Another obvious infrastructural deficit here relates to transport. Of all the projects earmarked in the Government’s National Planning Framework, a high-speed shuttle or rail link to Dublin Airport, one of the busiest hubs in Europe, would deliver a significant economic shot in the arm as well as eradicating a myriad of increasingly arduous routes to the State’s main airport. The MetroLink project – the planned rail line from central Dublin to the airport and Malahide in the north of the county – has been on the State’s planning to-do list for almost three decades having been postponed several times.

The current estimate is €9.5 billion for the proposed 18.8km line, equating to roughly €500 million per kilometre.
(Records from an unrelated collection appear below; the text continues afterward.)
(* Let $\mathcal{C}$ be the smallest set of functions of finite arity on $[0,1]$ such that: (i) $\mathcal{C}$ contains all projections $p^n_i(x_0,\dots,x_{n-1})=x_i$; (ii) if $g\in\mathcal{C}$ is $n$-ary and $q\in\mathbb{Q}\cap[0,1]$, then $\mathbf{x}\mapsto\chi_q(g(\mathbf{x}))$ belongs to $\mathcal{C}$; (iii) if $g_1,g_2\in\mathcal{C}$ are $n$-ary and $q\in\mathbb{Q}\cap[0,1]$, then $\mathbf{x}\mapsto\mathsf{Med}_q(g_1(\mathbf{x}),g_2(\mathbf{x}))$ belongs to $\mathcal{C}$; (iv) if $I$ is a nonempty set with $|I|\le\mathfrak{c}$ and $g_i\in\mathcal{C}$, $i\in I$, are $n$-ary, then the pointwise supremum $\bigvee_{i\in I}g_i$ and the pointwise infimum $\bigwedge_{i\in I}g_i$ belong to $\mathcal{C}$. Then $\mathcal{C}=\mathsf{Agg}$; that is, $\mathsf{Agg}$ is generated by the countable set consisting of the infinitary operations $\bigvee$ and $\bigwedge$, the functions $\chi_q$ and the medians $\mathsf{Med}_q$, $q\in\mathbb{Q}\cap[0,1]$.
   Context: An $n$-ary aggregation function on $[0,1]$ is a function $f\colon[0,1]^n\to[0,1]$ nondecreasing in each coordinate with $f(0,\dots,0)=0$ and $f(1,\dots,1)=1$; $\mathsf{Agg}$ is the set of all aggregation functions of all finite arities $n\in\mathbb{N}$ (unary ones not restricted to the identity). For $a\in[0,1]$, $\chi_a(x)=1$ if $x\ge a$ and $x\neq0$, and $\chi_a(x)=0$ otherwise. $\mathsf{Med}_b(x,y)$ is the median of $x,y,b$. $\mathfrak{c}=2^{\aleph_0}$. *)

theory Defs
  imports Complex_Main
begin

definition cube :: "nat \<Rightarrow> real list set" where
  "cube n = {xs. length xs = n \<and> set xs \<subseteq> {0..1}}"

definition chi :: "real \<Rightarrow> real \<Rightarrow> real" where
  "chi a x = (if x \<ge> a \<and> x \<noteq> 0 then 1 else 0)"

definition Med :: "real \<Rightarrow> real \<Rightarrow> real \<Rightarrow> real" where
  "Med b x y = max (min x y) (min (max x y) b)"
lemma pi_seq_prob_ge_potential:
  "(1 / (real n + 1)) ^ Suc (card (J - surviving (Suc n))) \<le> seq_prob (pi_cond J cs xs) n"
proof (induction n)
  case 0
  show ?case
    by (simp add: surviving_def)
next
  case (Suc n)
  let ?e = "card (J - surviving (Suc n))" and ?e' = "card (J - surviving (Suc (Suc n)))"
  define p q where "p = real n + 1" and "q = real n + 2"
  have pq: "0 < p" "p \<le> q" "1 \<le> q" and q: "real (Suc n) + 1 = q"
    by (simp_all add: p_def q_def)
  have IH: "(1 / p) ^ Suc ?e \<le> seq_prob (pi_cond J cs xs) n"
    using Suc.IH by (simp add: p_def)
  have shrink: "(1 / q) ^ m \<le> (1 / p) ^ m" for m
    using pq by (intro power_mono divide_left_mono) auto
  show ?case
  proof (cases "xs (Suc n) = pi_y J cs xs (Suc n)")
    case True
    have correct: "pi_cond J cs xs (Suc n) = p / q"
      using True by (simp add: pi_cond_def p_def q_def add_ac)
    have "(1 / q) ^ Suc ?e' = (1 / q) ^ ?e / q"
      using surviving_Suc_if_pi_correct[OF _ True] by simp
    also have "\<dots> \<le> (1 / p) ^ ?e / q"
      using shrink pq by (intro divide_right_mono) auto
    also have "\<dots> = (1 / p) ^ Suc ?e * (p / q)"
      using pq by simp
    also have "\<dots> \<le> seq_prob (pi_cond J cs xs) n * (p / q)"
      using IH pq by (intro mult_right_mono) auto
    finally show ?thesis
      unfolding seq_prob_Suc q correct .
  next
    case False
    have wrong: "pi_cond J cs xs (Suc n) = 1 / q"
      using False by (simp add: pi_cond_def q_def)
    have "(1 / q) ^ Suc ?e' \<le> (1 / q) ^ Suc (Suc ?e)"
      using card_eliminated_Suc_if_pi_wrong[OF _ False] pq by (intro power_decreasing) auto
    also have "\<dots> = (1 / q) ^ Suc ?e * (1 / q)"
      by simp
    also have "\<dots> \<le> seq_prob (pi_cond J cs xs) n * (1 / q)"
      using IH shrink[of "Suc ?e"] pq by (intro mult_right_mono) auto
    finally show ?thesis
      unfolding seq_prob_Suc q wrong .
  qed
qed

lemma pi_seq_prob_ge: "(1 / (real n + 1)) ^ Suc (card J) \<le> seq_prob (pi_cond J cs xs) n"
proof -
  have "card (J - surviving (Suc n)) \<le> card J"
    using finite_J by (intro card_mono) auto
  then have "(1 / (real n + 1)) ^ Suc (card J) \<le> (1 / (real n + 1)) ^ Suc (card (J - surviving (Suc n)))"
    by (intro power_decreasing) auto
  then show ?thesis
    using pi_seq_prob_ge_potential by (rule order_trans)
qed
Costly, yes, but undoubtedly a game-changer. Would it be economically savvy to carve such a strategic piece of State infrastructure from the Government’s wider development plan and fund it directly with corporate tax receipts, finally getting the project over the line after so many false starts?

Pay down the national debt

Standing at €223 billion last year, Ireland’s national debt is one of the biggest in the world on a per-capita basis. It works out at about €42,000 for every man, woman and child in the country. Using bumper tax receipts to pay this down would perhaps be the most boring, least transformative of all the options. It would generate a collective sigh on the part of the wider population and perhaps be welcomed only by a handful of fiscal hawks in the Department of Finance and the Irish Fiscal Advisory Council. Our debt is also going down nominally and as a percentage of national income, which is the ratio creditors focus on, anyway on the back big budgetary surpluses.

Pay everyone’s TV licence

Amid the debacle over RTÉ and how the State broadcaster should be funded, the Government could, in theory, fund it and other media, directly from central government with the help of corporate tax revenue. This would stanch the bleeding from the RTÉ payments scandal in terms of falling TV licence revenue while ensuring public broadcasting is maintained at a certain level and insulated from the vagaries of the market. It would also be something of a crowd pleaser, one for everyone in the audience as it were. There is, however, a snowball’s chance in hell of this coming to pass given recent comments from Ministers, which reflect a lack of political appetite for such a move.